I'm not going to lie. I detest today's cocktail. But it's Mardi Gras season and the wife insisted it needed to be included or she wasn't making gumbo. So here goes.
Milk punch is a lighter, smoother libation unlike its eggnog cousin. It's an elegant cocktail with hints of vanilla, that can easily be enjoyed anytime of day, but preferably at brunch. There are probably as many recipes for this drink as there are restaurants in New Orleans. Whether you prefer bourbon, brandy, rum or a combination; heavy cream, milk or almond milk served on ice or blended up with or without a shot of espresso, this drink can be easily tailored to your taste.
Since it is the start of Mardi Gras season, the wife put down 2 rules:
1 - No eggs. Christmas has come and gone and so has the eggnog
2 - The recipe has to come from a New Orleans restaurant/chef
So she hit up her cookbooks and started with The New Orleans Restaurant Cookbook by Deirdre Stanforth featuring Brennan's (the original restaurant) Milk Punch and Timmy's Brandy Milk Punch from John Besh's My New Orleans. Since both recipes are essentially 3 parts cream/milk to 1 part liquor with sugar and vanilla thrown in, they came of as weak and bland.

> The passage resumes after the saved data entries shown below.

text \<open>
  In \<open>K\<^sub>n \<times> K\<^sub>m\<close> two cells of the \<open>n \<times> m\<close> grid are adjacent iff they differ in both
  coordinates, so \<open>N[x] \<inter> C\<close> consists of \<open>x\<close> (if it is a codeword) and the codewords
  outside the row and the column of \<open>x\<close>. Two cells then have the same trace on \<open>C\<close>
  exactly when they lie in two empty rows, in two empty columns, or at opposite corners of
  an isolated rectangle: two rows and two columns all of whose codewords sit in the four corners.

  For the lower bound, count rows and columns with 0, 1 and at least 2 codewords, and
  codewords that are alone in both their row and column (lone) or share both (heavy).
  Double counting gives linear identities. Forbidding isolated rectangles gives: at most
  one empty row, one empty column and one lone codeword, but not all three; in the presence
  of an empty row every row with exactly two codewords meets a heavy codeword; and if no
  row or column carries more than two codewords there cannot be exactly one heavy codeword.
  For \<open>n + m = 3t + 1\<close> in the given range these constraints force \<open>|C| \<ge> 2t + 1\<close>.

  For the upper bound write \<open>n = 2a + b + 1\<close>, \<open>m = a + 2b + 3\<close>: a disjoint union of stars
  (\<open>a\<close> columns with two codewords, \<open>b\<close> rows with two, one row with three) meeting every
  row and column has no isolated rectangle and \<open>2a + 2b + 3 = 2t + 1\<close> codewords.
\<close>

section \<open>Rows and columns of a set of cells\<close>

definition row :: "('a \<times> 'b) set \<Rightarrow> 'a \<Rightarrow> 'b set" where
  "row C i = {j. (i, j) \<in> C}"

Back to the drawing board, she tried numerous more cocktails before settling on the newer Brennan's Caribbean Milk Punch and the Brandy Milk Punch from Commander's Palace. Less milk, more sugar seemed to have the right balance. Her go to winner, was Brennan's. She loved the mix of rum to bourbon. And while their recipe calls specifically for Smith & Cross or Mt. Gay black barrel rum, the wife went with her usual Myers's (you like what you like). But certainly use what you like and what you have. The same goes for the dairy component. She used whole milk for both recipes because it's what we had.
Hopefully one of these will be to your liking. If not, I get it!
Brandy Milk Punch - Commander's Palace
2 oz brandy (Pierre Ferrand)
1 oz simple syrup
1/2 tsp vanilla extract
1 1/2 oz milk
Combine all ingredients in a cocktail shaker filled with ice. Shake till chilled and strain into a double old fashioned filled with ice. Garnish with lightly grated nutmeg
Caribbean Milk Punch - Brennan's
1 oz dark rum
1/2 oz bourbon (Buffalo Trace)
1 oz vanilla infused simple syrup
1 oz heavy cream
Combine all ingredients in a cocktail shaker filled with ice. Shake till chilled and strain into a double old fashioned filled with ice. Garnish with lightly grated nutmeg.
Vanilla infused simple syrup (per serving)
Heat 1 tbsp sugar and 1 tbsp water in a microwave safe container for 30 sec or until sugar is dissolved. Add 1/8 tsp vanilla extract and let cool to room temp.